その青いエントマは、色だけでなく速さも違った。
「ヤベェ!」
とっさに機をスライドさせて、さらに回避。銃弾がすり抜ける感覚。撃たれている。戦闘機パイロットにはそれが感覚的にわかるのだ。
「くそっ!」
『隊長!』
桜隊の古参搭乗員である森山の声。追いすがる敵機の後ろに、味方機がチラリと見えた。それ以上ガン見している余裕はない。追ってくる青いエントマが撃ってくるからだ。躱すだけで手一杯。
恐るべき腕利きだった。これまでも空中戦で危ない目にはあったが、過去一番、今ほどゾクリと凶器を突き付けられている感覚はない。
『桜隊長、右へ旋回!』
森山の指示に反射的に従い、操縦桿を倒す。宮内機が右旋回し、敵機がそれに追い、後続の森山機が対航空機用誘導弾を発射した。
零戦三二型では一発しか搭載できない空対空弾を、戦闘爆撃機である九九式は5発まで搭載できる。
対空誘導弾も高速なのだが、青いエントマへの距離を詰めるには些か速度が不充分だった。
次の瞬間、青いエントマが鋭く宙返りを行い、誘導弾を躱すと、そのまま森山機の背後へ回りこんだ。
「森山!」
とっさに回避を選んだのは、古参故か。青いエントマの機銃が咆え、九九式艦戦の左翼を吹っ飛ばした。ジュラルミンの破片がキラリと輝く。
「やりやがったな!」
宮内は、中隊の仲間の機が被弾し、カッとなった。そのまま最短でターンを決めると、青いエントマに正面から機体を突っ込ませる。
「喰らえ!」
バリバリとブローニング12.7ミリ機銃が火を噴く。だが同時に視界にも花火が弾けたような輝きとズブリと機体に突き刺さる嫌な抵抗を感じた。
――あ、やっちまったな……。
宮内が激しく己の迂闊を感じたのは一瞬のこと。コクピットキャノピーに敵機が一杯によぎり、刹那で消えた。よくもお互い衝突せずにロールしてすれ違ったものだと宮内は思った。
「クソがっ!」
自分はどうやら生きているようだが、機体はやられた。問題はどこに当たったか、だが――
「青い奴は!?」
『桜四番より、桜一番へ。隊長、生きてます?』
第一中隊四番機の江藤だった。彼女の九九式艦戦が、宮内機のそばに寄る。
『燃料が漏れていますよ』
「――うおっ!」
左翼が撃たれて穴があった。着火したなかったのは運がいいが――
「まずいな」
『転移離脱してください、隊長。森山も離脱してます』
江藤が、先に被弾した同僚のことを知らせてくれる。これで頭の中が、すっと冷えた。今の日本機にはパイロット保護の観点から転移離脱装置が搭載されている。墜落確実の機も母艦や基地近くに移動でき、味方に回収される可能性が飛躍的に高くなっている。
「燃料が漏れてちゃ、しょうがねえや」
普通なら、空母に帰り着く前に燃料切れで墜落するところだ。そうなると近くの味方飛行場で緊急着陸するか、機体を捨ててパラシュート脱出するしかない。転移離脱装置のおかげで第三の選択肢があるのはいいことだ。

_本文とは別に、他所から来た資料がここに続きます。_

lemma contact_point_front_quarter:
  assumes "0 \<le> R" and "- (pi / 2) \<le> l1" and "l1 \<le> l2" and "l2 \<le> 0"
  shows "fst (contact_point R l1) \<le> fst (contact_point R l2)" "fst (contact_point R l2) \<le> 0"
    "snd (contact_point R l1) \<le> snd (contact_point R l2)" "0 \<le> snd (contact_point R l1)"
proof -
  have "sin l1 \<le> sin l2" "sin l2 \<le> 0" "cos l1 \<le> cos l2" "0 \<le> cos l1"
    using assms sin_monotone_2pi_le[of l1 l2] sin_ge_zero[of "- l2"]
      cos_monotone_minus_pi_0'[of l1 l2] cos_ge_zero[of l1] by auto
  then show "fst (contact_point R l1) \<le> fst (contact_point R l2)" "fst (contact_point R l2) \<le> 0"
    "snd (contact_point R l1) \<le> snd (contact_point R l2)" "0 \<le> snd (contact_point R l1)"
    unfolding contact_point_def using assms(1) by (auto intro: mult_left_mono mult_nonneg_nonpos)
qed

lemma Pair_mem_cball_0_iff_abs_le:
  fixes x y y' :: real
  assumes "0 \<le> R" and "x\<^sup>2 + y'\<^sup>2 = R\<^sup>2" and "0 \<le> y'"
  shows "(x, y) \<in> cball 0 R \<longleftrightarrow> \<bar>y\<bar> \<le> y'"
  using Pair_mem_cball_0_iff[OF assms(1)] assms(2,3) abs_le_square_iff[of y y'] by auto
lemma lin_indep_mod_lex_pivots:
  fixes u :: "nat \<Rightarrow> mono \<Rightarrow> 'a::field"
  assumes C: "finite C" "C \<subseteq> monoms {j..n}"
  shows "lin_indep_mod (Jj n t u j) (monomial_fun ` lex_pivots t u C)"
  unfolding lin_indep_mod_def
proof (intro allI impI ballI)
  define P where "P = lex_pivots t u C"
  have P: "finite P" "P \<subseteq> C" using C(1) unfolding P_def lex_pivots_def by auto
  fix c and s :: "mono \<Rightarrow> 'a" assume f: "lincomb (monomial_fun ` P) c \<in> Jj n t u j" and s: "s \<in> monomial_fun ` P"
  define f where "f = lincomb (monomial_fun ` P) c"
  have fval: "f m = (if m \<in> P then c (monomial_fun m) else 0)" for m
  proof -
    have "f m = (\<Sum>b\<in>P. c (monomial_fun b) * monomial_fun b m)"
      unfolding f_def lincomb_def
      by (simp add: sum.reindex[OF inj_on_subset[OF inj_monomial_fun subset_UNIV]])
    also have "\<dots> = (if m \<in> P then c (monomial_fun m) else 0)"
      using P(1) by (simp add: monomial_fun_def if_distrib[of "\<lambda>z. _ * z"] sum.delta cong: if_cong)
    finally show ?thesis .
  qed
  have suppP: "supp f \<subseteq> P" using fval by (auto split: if_splits)
  show "c s = 0"
  proof (rule ccontr)
    assume "c s \<noteq> 0"
    then obtain b where "b \<in> P" "f b \<noteq> 0" using s fval by auto
    then obtain b0 where b0: "is_lm f b0"
      using ex_is_lm[of f] finite_subset[OF suppP P(1)] by blast
    then have "b0 \<in> P" using suppP unfolding is_lm_def by auto
    moreover have "b0 \<notin> lex_pivots t u C"
      using is_lm_Jj_not_lex_pivot[OF _ b0 _ C(2)] f suppP P(2) unfolding f_def by blast
    ultimately show False unfolding P_def by blast
  qed
qed

lemma card_lex_pivots_le_quot_dim:
  fixes u :: "nat \<Rightarrow> mono \<Rightarrow> 'a::field"
  assumes zerodim: "zero_dimensional {j..n} (Jj n t u j)"
    and C: "finite C" "C \<subseteq> monoms {j..n}"
  shows "card (lex_pivots t u C) \<le> quot_dim {j..n} (Jj n t u j)"
proof -
  have P: "finite (lex_pivots t u C)" "lex_pivots t u C \<subseteq> monoms {j..n}"
    using C unfolding lex_pivots_def by auto
  have "card (monomial_fun ` lex_pivots t u C :: (mono \<Rightarrow> 'a) set) = card (lex_pivots t u C)"
    using inj_on_subset[OF inj_monomial_fun] by (rule card_image) simp
  moreover have "card (monomial_fun ` lex_pivots t u C :: (mono \<Rightarrow> 'a) set) \<le> quot_dim {j..n} (Jj n t u j)"
    using zerodim P monomial_fun_in_polys lin_indep_mod_lex_pivots[OF C]
    unfolding zero_dimensional_def by (intro card_le_quot_dim) auto
  ultimately show ?thesis by simp
qed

「悪いな、江藤。先に帰ってるわ。てめえもやられるんじゃねえぞ!」
『了解』
江藤機のエスコートで空中戦から脱出する宮内機。振り返れば、例の青いエントマが暴れまわっているらしい光景を視界に捉えた。
――ちっ、あいつ一人で、何機落としてるんだよ……!
流れるように、ただ飛んでいるだけなのに、近くにいた九九式艦戦が爆発、もしくは撃墜されていく。
「化け物め……!」
捨て台詞を吐き、宮内は愛機を転移離脱させた。
・ ・ ・
パレンバンを襲撃した異世界帝国艦隊は、海軍の飛行場と油井施設を幾つか破壊した。
日本軍の迎撃機は奮闘したものの、その全てを撃退することはできなかった。
多数の敵機を撃墜したもの、第二機動艦隊空母群も、援軍に送った戦闘機をかなり喰われた。特に青いエントマの中隊が戦場で大暴れした結果、七航戦、八航戦の戦闘機の損失が過去最悪の数字を叩き出した。
それはともかく、二機艦空母群としては、パレンバンに攻撃を繰り出した敵艦隊を放置するという選択肢はなかった。

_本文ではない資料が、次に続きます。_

(* Let $1<\alpha<2$ and let $Z=(Z_t)_{t\ge0}$ be an $\alpha$-stable Lévy process started at $0$ with Lévy triplet $(0,\nu_Z,\gamma)$, $\nu_Z(\mathrm{d}z)=(A\mathbf{1}_{z>0}+B\mathbf{1}_{z<0})|z|^{-(\alpha+1)}\mathrm{d}z$ for constants $A,B>0$, which is a martingale, i.e. $\gamma+\int_{|z|\ge1}z\,\nu_Z(\mathrm{d}z)=0$. Let $\kappa=1/\alpha$, let $\zeta$ be a subordinator independent of $Z$ with Laplace exponent $\psi$ satisfying $\psi(\kappa)=\kappa$, and let $X$ be the process associated with $Z$ and $\zeta$ (defined in the context). Then for all $t\ge s>0$, \[ X_t=(t/s)^{\kappa}\bigl(R_{s,t}^{\kappa}X_s+s^{\kappa}(1-R_{s,t})^{\kappa}\xi_{s,t}\bigr), \] where $R_{s,t}\stackrel{d}{=}e^{-\zeta_{\ln(t/s)}}$, $\xi_{s,t}\stackrel{d}{=}Z_1$, and $R_{s,t}$, $\xi_{s,t}$, $X_s$ are independent (that is, $(X_s,X_t)$ has the same joint law as the pair with $X_t$ replaced by this expression).
   Context: $Z$ is a Markov process which is $\kappa$-self-similar with $\kappa=1/\alpha$: $(Z_{ct})_{t\ge0}\stackrel{d}{=}(c^\kappa Z_t)_{t\ge0}$. A subordinator $\zeta$ (nonnegative independent stationary increments, $\zeta_0=0$) has Laplace exponent $\psi$ defined by $\mathbb{E}[e^{-\lambda\zeta_a}]=e^{-a\psi(\lambda)}$. The process $X$ associated with $Z$ and $\zeta$ is the process $(X_t)_{t\ge0}$, $X_0=0$, such that for every $a\in\mathbb{R}$, $(X_t)_{t\ge e^{-a}}$ has the same finite-dimensional distributions as $(t^{\kappa}e^{-\kappa\zeta_{a+\ln t}}Z_{e^{\zeta_{a+\ln t}}})_{t\ge e^{-a}}$. *)

theory Defs
  imports "HOL-Probability.Probability"
begin

text \<open>Processes are indexed by real times; only times t \<ge> 0 are meaningful.\<close>

definition indep_increments :: "'a measure \<Rightarrow> (real \<Rightarrow> 'a \<Rightarrow> real) \<Rightarrow> bool" where
  "indep_increments M P \<longleftrightarrow>
     (\<forall>(n::nat) (ts::nat \<Rightarrow> real). 0 \<le> ts 0 \<longrightarrow> (\<forall>i<n. ts i < ts (Suc i)) \<longrightarrow>
        prob_space.indep_vars M (\<lambda>_. borel) (\<lambda>i \<omega>. P (ts (Suc i)) \<omega> - P (ts i) \<omega>) {..<n})"

definition stationary_increments :: "'a measure \<Rightarrow> (real \<Rightarrow> 'a \<Rightarrow> real) \<Rightarrow> bool" where
  "stationary_increments M P \<longleftrightarrow>
     (\<forall>s t. 0 \<le> s \<longrightarrow> 0 \<le> t \<longrightarrow>
        distr M borel (\<lambda>\<omega>. P (s + t) \<omega> - P s \<omega>) = distr M borel (\<lambda>\<omega>. P t \<omega> - P 0 \<omega>))"

definition cadlag_paths :: "(real \<Rightarrow> 'a \<Rightarrow> real) \<Rightarrow> bool" where
  "cadlag_paths P \<longleftrightarrow>
     (\<forall>\<omega>. (\<forall>t\<ge>0. ((\<lambda>r. P r \<omega>) \<longlongrightarrow> P t \<omega>) (at_right t)) \<and>
          (\<forall>t>0. \<exists>l. ((\<lambda>r. P r \<omega>) \<longlongrightarrow> l) (at_left t)))"

definition path :: "(real \<Rightarrow> 'a \<Rightarrow> real) \<Rightarrow> 'a \<Rightarrow> real \<Rightarrow> real" where
  "path P \<omega> = (\<lambda>t\<in>{0..}. P t \<omega>)"

definition stable_density :: "real \<Rightarrow> real \<Rightarrow> real \<Rightarrow> real \<Rightarrow> real" where
  "stable_density \<alpha> A B z =
     (A * indicator {0<..} z + B * indicator {..<0} z) * \<bar>z\<bar> powr (-(\<alpha> + 1))"

text \<open>Characteristic exponent of a Levy triplet (0, nu, gamma), truncation 1_{|z|<1}:
  E[exp(i u Z_t)] = exp(t * levy_exponent gamma nu u).\<close>
definition levy_exponent :: "real \<Rightarrow> (real \<Rightarrow> real) \<Rightarrow> real \<Rightarrow> complex" where
  "levy_exponent \<gamma> f u =
     \<i> * complex_of_real (\<gamma> * u) +
     (CLINT z|lborel. (iexp (u * z) - 1 - \<i> * complex_of_real (u * z * indicator {z. \<bar>z\<bar> < 1} z))
                        * complex_of_real (f z))"

text \<open>A Levy process started at 0 with triplet (0, nu, gamma), nu having density f.\<close>
definition levy_process :: "'a measure \<Rightarrow> (real \<Rightarrow> 'a \<Rightarrow> real) \<Rightarrow> real \<Rightarrow> (real \<Rightarrow> real) \<Rightarrow> bool" where
  "levy_process M Z \<gamma> f \<longleftrightarrow>
     (\<forall>t\<ge>0. Z t \<in> borel_measurable M) \<and>
     (\<forall>\<omega>. Z 0 \<omega> = 0) \<and>
     cadlag_paths Z \<and>
     indep_increments M Z \<and> stationary_increments M Z \<and>
     (\<forall>t\<ge>0. \<forall>u. char (distr M borel (Z t)) u = exp (complex_of_real t * levy_exponent \<gamma> f u))"

definition subordinator :: "'a measure \<Rightarrow> (real \<Rightarrow> 'a \<Rightarrow> real) \<Rightarrow> (real \<Rightarrow> real) \<Rightarrow> bool" where
  "subordinator M \<zeta> \<psi> \<longleftrightarrow>
     (\<forall>a\<ge>0. \<zeta> a \<in> borel_measurable M) \<and>
     (\<forall>\<omega>. \<zeta> 0 \<omega> = 0) \<and>
     (\<forall>a\<ge>0. \<forall>\<omega>. 0 \<le> \<zeta> a \<omega>) \<and>
     indep_increments M \<zeta> \<and> stationary_increments M \<zeta> \<and>
     (\<forall>l\<ge>0. \<forall>a\<ge>0. (LINT \<omega>|M. exp (- l * \<zeta> a \<omega>)) = exp (- a * \<psi> l))"

definition associated_process ::
  "real \<Rightarrow> 'a measure \<Rightarrow> (real \<Rightarrow> 'a \<Rightarrow> real) \<Rightarrow> (real \<Rightarrow> 'a \<Rightarrow> real) \<Rightarrow>
   'b measure \<Rightarrow> (real \<Rightarrow> 'b \<Rightarrow> real) \<Rightarrow> bool" where
  "associated_process \<kappa> M Z \<zeta> N X \<longleftrightarrow>
     (\<forall>t\<ge>0. X t \<in> borel_measurable N) \<and>
     (\<forall>\<omega>. X 0 \<omega> = 0) \<and>
     (\<forall>a J. finite J \<longrightarrow> J \<subseteq> {exp (- a)..} \<longrightarrow>
        distr N (Pi\<^sub>M J (\<lambda>_. borel)) (\<lambda>\<omega>. \<lambda>t\<in>J. X t \<omega>) =
        distr M (Pi\<^sub>M J (\<lambda>_. borel))
          (\<lambda>\<omega>. \<lambda>t\<in>J. t powr \<kappa> * exp (- \<kappa> * \<zeta> (a + ln t) \<omega>) * Z (exp (\<zeta> (a + ln t) \<omega>)) \<omega>))"

end

theory Submission
  imports Defs
begin

text \<open>Compensating every jump, which is possible since \<open>\<alpha> > 1\<close> and \<open>Z\<close> is a martingale, makes the
  Levy exponent of \<open>Z\<close> exactly \<open>\<alpha>\<close>-homogeneous, so \<open>Z\<^sub>c\<close> has the law of \<open>c\<^sup>\<kappa> Z\<^sub>1\<close>. With
  independent stationary increments this gives, for \<open>0 < r \<le> 1\<close>, the joint law
  \<open>(Z\<^sub>1, r\<^sup>\<kappa> Z\<^sub>1\<^sub>/\<^sub>r) = (x, r\<^sup>\<kappa> x + (1 - r)\<^sup>\<kappa> y)\<close> with \<open>x, y\<close> independent copies of \<open>Z\<^sub>1\<close>.
  The definition of \<open>X\<close> with \<open>a = - ln s\<close> turns \<open>(X\<^sub>s, X\<^sub>t)\<close> into
  \<open>(s\<^sup>\<kappa> Z\<^sub>1, t\<^sup>\<kappa> R\<^sup>\<kappa> Z\<^sub>1\<^sub>/\<^sub>R)\<close> with \<open>R = e\<^sup>-\<^sup>\<zeta>\<^sup>L\<close>, \<open>L = ln (t/s)\<close>, independent of \<open>Z\<close>;
  conditioning on \<open>R\<close> and using the pair law finishes the proof.\<close>

section \<open>The compensated Levy exponent of the stable law\<close>

lemma integrable_add_reflection:
  fixes g :: "real \<Rightarrow> real"
  assumes "integrable lborel g"
  shows "integrable lborel (\<lambda>z. g z + g (- z))"
proof -
  have "integrable lborel (\<lambda>z. g (0 + (-1) * z))"
    by (rule lborel_integrable_real_affine[OF assms]) simp
  from Bochner_Integration.integrable_add[OF assms this] show ?thesis by simp
qed

lemma integrable_abs_powr_near_0:
  fixes p :: real
  assumes "p > -1"
  shows "integrable lborel (\<lambda>z. indicator {z. \<bar>z\<bar> \<le> 1} z * \<bar>z\<bar> powr p)"
proof -
  have "(\<lambda>x. x powr p) absolutely_integrable_on {0<..1}"
    by (intro nonnegative_absolutely_integrable_1 integrable_on_powr_from_0') (use assms in auto)
  then have "integrable lborel (\<lambda>z. indicator {0<..1} z * z powr p)"
    unfolding set_integrable_def
    by (subst (asm) integrable_completion) (auto intro!: borel_measurable_continuous_on_indicator continuous_intros)
  then have "integrable lborel (\<lambda>z. indicator {0<..1} z * z powr p + indicator {0<..1} (-z) * (-z) powr p)"
    by (rule integrable_add_reflection)
  moreover have "(\<lambda>z. indicator {0<..1} z * z powr p + indicator {0<..1} (-z) * (-z) powr p)
      = (\<lambda>z. indicator {z. \<bar>z\<bar> \<le> 1} z * \<bar>z\<bar> powr p)"
    by (auto simp: fun_eq_iff indicator_def)
  ultimately show ?thesis by simp
qed

lemma integrable_abs_powr_near_infinity:
  fixes p :: real
  assumes "p < -1"
  shows "integrable lborel (\<lambda>z. indicator {z. 1 \<le> \<bar>z\<bar>} z * \<bar>z\<bar> powr p)"
proof -
  have "(\<lambda>x. x powr p) integrable_on {1..}"
    using has_integral_powr_to_inf[OF assms, of 1] unfolding integrable_on_def by auto
  then have "(\<lambda>x. x powr p) absolutely_integrable_on {1..}"
    by (intro nonnegative_absolutely_integrable_1) auto
  then have "integrable lborel (\<lambda>z. indicator {1..} z * z powr p)"
    unfolding set_integrable_def
    by (subst (asm) integrable_completion) (auto intro!: borel_measurable_continuous_on_indicator continuous_intros)
  then have "integrable lborel (\<lambda>z. indicator {1..} z * z powr p + indicator {1..} (-z) * (-z) powr p)"
    by (rule integrable_add_reflection)
  moreover have "(\<lambda>z. indicator {1..} z * z powr p + indicator {1..} (-z) * (-z) powr p)
      = (\<lambda>z. indicator {z. 1 \<le> \<bar>z\<bar>} z * \<bar>z\<bar> powr p)"
    by (auto simp: fun_eq_iff indicator_def)
  ultimately show ?thesis by simp
qed

lemma stable_density_nonneg: "A \<ge> 0 \<Longrightarrow> B \<ge> 0 \<Longrightarrow> stable_density \<alpha> A B z \<ge> 0"
  unfolding stable_density_def by (auto simp: indicator_def)

lemma stable_density_le: "A \<ge> 0 \<Longrightarrow> B \<ge> 0 \<Longrightarrow> stable_density \<alpha> A B z \<le> (A + B) * \<bar>z\<bar> powr (-(\<alpha> + 1))"
  unfolding stable_density_def by (auto simp: indicator_def intro!: mult_right_mono)

lemma borel_measurable_stable_density[measurable]: "stable_density \<alpha> A B \<in> borel_measurable borel"
  unfolding stable_density_def by measurable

放った偵察機は、山口の予想通り、異世界帝国軍艦隊をビリトン島近くで発見した。
「攻撃隊を発艦させろ! ここまで好き勝手荒らし回ったお礼をせねばならない。そうだな、参謀長?」
山口は、岡田参謀長に確認を取った。もちろん、反対はなかった。日本軍のテリトリーに敵艦隊がうろついているのだ。これを見過ごす帝国軍人はいない。
「敵艦隊には、どれくらい艦載機が残っているか?」
「報告では、リトス級大型空母1、アルクトス級中型空母4ですから、その最大搭載数は420機と想定されます」
リトス級、アルクトス級は日本軍でも改装して使っている。その艦載機の搭載数もわかっていた。

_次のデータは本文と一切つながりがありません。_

lemma DERIV_potU_deriv1:
  "((\<lambda>t. potU_deriv1 \<sigma>0 N x y e (q + t *\<^sub>R e')) has_real_derivative potU_deriv2 \<sigma>0 N x e e' q) (at 0)"
proof -
  have "((\<lambda>t. (q \<bullet> e + t * (e' \<bullet> e)) / \<sigma>0\<^sup>2) has_real_derivative e \<bullet> e' / \<sigma>0\<^sup>2) (at 0)"
    by (rule DERIV_cdivide) (auto intro!: derivative_eq_intros simp: inner_commute)
  moreover have "((\<lambda>t. \<Sum>l=1..N. logits (x l) e (y l)
        - expect (softmax (\<lambda>k. logits (x l) q k + t * logits (x l) e' k)) (logits (x l) e)) has_real_derivative
      (\<Sum>l=1..N. 0 - cov (softmax (logits (x l) q)) (logits (x l) e) (logits (x l) e'))) (at 0)"
    by (intro DERIV_sum DERIV_diff DERIV_expect_softmax DERIV_const)
  ultimately have "((\<lambda>t. potU_deriv1 \<sigma>0 N x y e (q + t *\<^sub>R e')) has_real_derivative
      e \<bullet> e' / \<sigma>0\<^sup>2 - (\<Sum>l=1..N. 0 - cov (softmax (logits (x l) q)) (logits (x l) e) (logits (x l) e')))
      (at 0)"
    unfolding potU_deriv1_def logits_add_scale inner_add_left inner_scaleR_left by (rule DERIV_diff)
  then show ?thesis
    by (simp add: potU_deriv2_def sum_negf)
qed

lemma DERIV_potU_deriv2:
  "((\<lambda>t. potU_deriv2 \<sigma>0 N x e e' (q + t *\<^sub>R e'')) has_real_derivative potU_deriv3 N x e e' e'' q) (at 0)"
proof -
  have "((\<lambda>t. \<Sum>l=1..N. cov (softmax (\<lambda>k. logits (x l) q k + t * logits (x l) e'' k))
      (logits (x l) e) (logits (x l) e')) has_real_derivative potU_deriv3 N x e e' e'' q) (at 0)"
    unfolding potU_deriv3_def by (intro DERIV_sum DERIV_cov_softmax)
  from DERIV_add[OF DERIV_const this] show ?thesis
    unfolding potU_deriv2_def logits_add_scale by simp
qed

lemma pdiff_potU: "pdiff k (potU \<sigma>0 c N x y) = potU_deriv1 \<sigma>0 N x y (coord k)"
  by (intro pdiff_eqI DERIV_potU)

lemma pdiff_potU_deriv1: "pdiff j (potU_deriv1 \<sigma>0 N x y e) = potU_deriv2 \<sigma>0 N x e (coord j)"
  by (intro pdiff_eqI DERIV_potU_deriv1)

lemma pdiff_potU_deriv2: "pdiff i (potU_deriv2 \<sigma>0 N x e e') = potU_deriv3 N x e e' (coord i)"
  by (intro pdiff_eqI DERIV_potU_deriv2)

lemma potU_deriv2_commute: "potU_deriv2 \<sigma>0 N x e e' q = potU_deriv2 \<sigma>0 N x e' e q"
  by (simp add: potU_deriv2_def inner_commute cov_commute)

lemma linear_potU_deriv2: "linear (\<lambda>e. potU_deriv2 \<sigma>0 N x e e' q)"
  by (simp add: linear_iff potU_deriv2_def logits_add logits_scale cov_add_left cov_scale_left
      inner_add_left add_divide_distrib sum.distrib sum_distrib_left algebra_simps)

lemma linear_potU_deriv3: "linear (\<lambda>e. potU_deriv3 N x e e' e'' q)"
  by (simp add: linear_iff potU_deriv3_def logits_add logits_scale cum3_add_left cum3_scale_left
      sum.distrib sum_distrib_left)

section \<open>Bounds on the second and third derivatives\<close>

lemma sum_logits_squares_le:
  fixes x :: "'l \<Rightarrow> real^'o::finite" and e :: "real^'o^'m::finite"
  shows "(\<Sum>l\<in>L. c l * (\<Sum>k\<in>UNIV. (logits (x l) e k)\<^sup>2))
    \<le> spec_norm (\<lambda>a b. \<Sum>l\<in>L. x l $ a * x l $ b * c l) * (norm e)\<^sup>2"
proof -
  have "(\<Sum>l\<in>L. c l * (\<Sum>k\<in>UNIV. (logits (x l) e k)\<^sup>2)) = (\<Sum>k\<in>UNIV. \<Sum>l\<in>L. c l * (x l \<bullet> e $ k)\<^sup>2)"
    by (simp add: logits_def sum_distrib_left sum.swap[of _ L])
  also have "\<dots> \<le> (\<Sum>k\<in>UNIV. spec_norm (\<lambda>a b. \<Sum>l\<in>L. x l $ a * x l $ b * c l) * (norm (e $ k))\<^sup>2)"
    by (intro sum_mono sum_inner_squares_le_spec_norm)
  also have "\<dots> = spec_norm (\<lambda>a b. \<Sum>l\<in>L. x l $ a * x l $ b * c l) * (norm e)\<^sup>2"
    by (simp add: sum_distrib_left power2_norm_vec[of e])
  finally show ?thesis .
qed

「うち約250機がパレンバン攻撃に用いられたという報告です。これまでの連戦で消耗している可能性もありますが、それはひとまず置いておきまして、170機が敵の手元に残っていることになります」
「こちらは、二波、計140機ほどをパレンバンに送った」
「はい。こちらには400機以上の艦載機が残っております。敵艦載機の機種別の機体数はわかりませんが、空母を守る直掩戦闘機を手元に残しているでしょうから、おそらく戦闘機2:攻撃機1の割合くらいと想定します。全攻撃機を叩きつければ、撃滅できます!」
「防御障壁がなければ……だな」
今出せば、パレンバンを攻撃した敵攻撃隊を空母が収容しているタイミングを狙えるだろうか。こちらの艦載機は、奇襲攻撃隊。姿を消して忍び寄るのはお手の物だ。
勝機あり。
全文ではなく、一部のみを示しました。